### Exercise
Read through the material below and copy each line in which the word "bool" occurs.

### Supplied records
━━━━━━

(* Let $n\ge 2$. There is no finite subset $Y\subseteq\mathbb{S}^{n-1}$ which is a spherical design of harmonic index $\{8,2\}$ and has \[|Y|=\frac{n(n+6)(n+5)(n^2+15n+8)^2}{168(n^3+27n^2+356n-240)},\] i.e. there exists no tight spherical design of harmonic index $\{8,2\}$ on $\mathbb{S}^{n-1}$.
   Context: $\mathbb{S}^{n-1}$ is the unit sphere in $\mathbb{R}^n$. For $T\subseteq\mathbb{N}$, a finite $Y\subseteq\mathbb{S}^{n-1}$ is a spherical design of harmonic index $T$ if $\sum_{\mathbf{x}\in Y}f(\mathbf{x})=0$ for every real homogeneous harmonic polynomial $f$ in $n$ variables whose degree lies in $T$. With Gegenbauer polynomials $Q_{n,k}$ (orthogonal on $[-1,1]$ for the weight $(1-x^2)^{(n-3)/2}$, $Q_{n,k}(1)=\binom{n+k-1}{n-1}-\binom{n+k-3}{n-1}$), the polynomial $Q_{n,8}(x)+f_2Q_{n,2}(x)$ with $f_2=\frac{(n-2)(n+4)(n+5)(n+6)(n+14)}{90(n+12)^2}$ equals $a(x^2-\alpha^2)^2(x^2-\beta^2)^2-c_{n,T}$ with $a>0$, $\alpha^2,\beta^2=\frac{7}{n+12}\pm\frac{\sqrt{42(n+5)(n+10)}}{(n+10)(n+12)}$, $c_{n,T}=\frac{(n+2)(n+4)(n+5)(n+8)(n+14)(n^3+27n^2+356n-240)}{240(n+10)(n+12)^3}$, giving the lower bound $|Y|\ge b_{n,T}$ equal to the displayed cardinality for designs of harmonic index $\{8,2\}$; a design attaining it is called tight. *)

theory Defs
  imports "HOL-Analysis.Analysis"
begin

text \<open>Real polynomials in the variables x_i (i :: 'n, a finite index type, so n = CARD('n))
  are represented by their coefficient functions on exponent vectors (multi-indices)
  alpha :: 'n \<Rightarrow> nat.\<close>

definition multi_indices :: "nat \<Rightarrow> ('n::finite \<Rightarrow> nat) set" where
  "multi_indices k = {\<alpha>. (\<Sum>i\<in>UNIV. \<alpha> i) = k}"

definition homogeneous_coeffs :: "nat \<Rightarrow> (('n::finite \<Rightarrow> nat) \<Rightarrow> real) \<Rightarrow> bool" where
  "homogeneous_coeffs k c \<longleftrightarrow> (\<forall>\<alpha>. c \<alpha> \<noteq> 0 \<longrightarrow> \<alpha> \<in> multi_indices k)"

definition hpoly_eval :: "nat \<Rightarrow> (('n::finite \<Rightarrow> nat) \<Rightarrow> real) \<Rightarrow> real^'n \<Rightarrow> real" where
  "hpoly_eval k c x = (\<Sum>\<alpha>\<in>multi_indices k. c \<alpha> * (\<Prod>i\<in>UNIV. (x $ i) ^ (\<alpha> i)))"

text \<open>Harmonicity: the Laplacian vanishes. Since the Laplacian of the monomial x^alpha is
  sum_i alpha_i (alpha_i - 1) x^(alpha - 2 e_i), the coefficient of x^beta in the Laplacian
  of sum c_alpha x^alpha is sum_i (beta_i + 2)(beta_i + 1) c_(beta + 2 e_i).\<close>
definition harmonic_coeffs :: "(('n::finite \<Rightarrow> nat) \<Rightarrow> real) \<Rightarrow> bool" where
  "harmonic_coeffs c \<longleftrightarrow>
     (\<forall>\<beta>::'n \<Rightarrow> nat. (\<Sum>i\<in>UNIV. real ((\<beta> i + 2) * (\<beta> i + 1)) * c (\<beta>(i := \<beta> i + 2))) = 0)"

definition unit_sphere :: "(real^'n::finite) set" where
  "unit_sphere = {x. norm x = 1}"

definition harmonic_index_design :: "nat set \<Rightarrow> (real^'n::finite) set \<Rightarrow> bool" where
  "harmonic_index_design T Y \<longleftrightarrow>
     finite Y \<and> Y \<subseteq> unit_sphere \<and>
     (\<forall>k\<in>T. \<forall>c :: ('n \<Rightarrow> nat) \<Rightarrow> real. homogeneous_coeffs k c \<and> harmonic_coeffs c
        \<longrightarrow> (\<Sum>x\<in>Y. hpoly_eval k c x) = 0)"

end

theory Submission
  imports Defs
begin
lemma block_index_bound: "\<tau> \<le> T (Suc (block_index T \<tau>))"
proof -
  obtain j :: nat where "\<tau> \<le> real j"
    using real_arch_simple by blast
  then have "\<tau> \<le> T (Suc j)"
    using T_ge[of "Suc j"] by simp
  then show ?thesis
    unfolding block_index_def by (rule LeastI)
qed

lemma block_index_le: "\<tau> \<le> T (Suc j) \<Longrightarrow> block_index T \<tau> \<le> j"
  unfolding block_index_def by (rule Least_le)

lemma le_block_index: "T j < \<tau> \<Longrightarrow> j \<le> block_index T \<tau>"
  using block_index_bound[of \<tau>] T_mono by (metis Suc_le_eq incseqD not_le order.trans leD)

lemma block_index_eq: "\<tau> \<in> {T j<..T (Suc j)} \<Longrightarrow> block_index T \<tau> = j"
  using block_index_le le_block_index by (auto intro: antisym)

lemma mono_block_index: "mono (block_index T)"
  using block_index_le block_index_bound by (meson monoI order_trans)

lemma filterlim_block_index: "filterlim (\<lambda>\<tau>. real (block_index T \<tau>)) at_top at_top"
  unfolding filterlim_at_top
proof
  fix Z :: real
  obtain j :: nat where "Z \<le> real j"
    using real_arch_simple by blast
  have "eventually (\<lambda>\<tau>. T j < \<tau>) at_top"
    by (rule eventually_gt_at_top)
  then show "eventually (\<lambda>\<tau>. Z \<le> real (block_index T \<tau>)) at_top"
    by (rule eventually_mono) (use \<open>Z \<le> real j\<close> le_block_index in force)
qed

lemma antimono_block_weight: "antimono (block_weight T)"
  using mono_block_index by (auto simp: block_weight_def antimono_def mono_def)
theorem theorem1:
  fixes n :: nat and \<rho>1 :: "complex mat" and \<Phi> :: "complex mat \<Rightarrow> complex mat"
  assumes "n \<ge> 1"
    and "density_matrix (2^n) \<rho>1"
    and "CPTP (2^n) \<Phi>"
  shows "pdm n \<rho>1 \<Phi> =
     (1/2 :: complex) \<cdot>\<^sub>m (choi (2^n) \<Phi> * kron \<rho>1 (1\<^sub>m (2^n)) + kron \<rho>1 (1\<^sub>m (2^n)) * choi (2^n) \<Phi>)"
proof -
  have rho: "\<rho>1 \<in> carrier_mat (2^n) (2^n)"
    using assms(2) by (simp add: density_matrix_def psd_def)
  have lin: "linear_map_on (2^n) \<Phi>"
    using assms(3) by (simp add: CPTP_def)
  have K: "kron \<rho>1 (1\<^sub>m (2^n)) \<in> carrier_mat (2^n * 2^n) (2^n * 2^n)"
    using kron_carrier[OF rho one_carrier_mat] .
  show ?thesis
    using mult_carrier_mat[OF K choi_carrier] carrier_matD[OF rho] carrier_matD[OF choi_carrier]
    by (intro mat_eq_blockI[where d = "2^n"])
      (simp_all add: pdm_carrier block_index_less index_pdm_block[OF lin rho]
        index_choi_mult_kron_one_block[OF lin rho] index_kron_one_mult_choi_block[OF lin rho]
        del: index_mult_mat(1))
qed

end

━━━━━━

### Exercise response
definition homogeneous_coeffs :: "nat \<Rightarrow> (('n::finite \<Rightarrow> nat) \<Rightarrow> real) \<Rightarrow> bool" where
definition harmonic_coeffs :: "(('n::finite \<Rightarrow> nat) \<Rightarrow> real) \<Rightarrow> bool" where
definition harmonic_index_design :: "nat set \<Rightarrow> (real^'n::finite) set \<Rightarrow> bool" where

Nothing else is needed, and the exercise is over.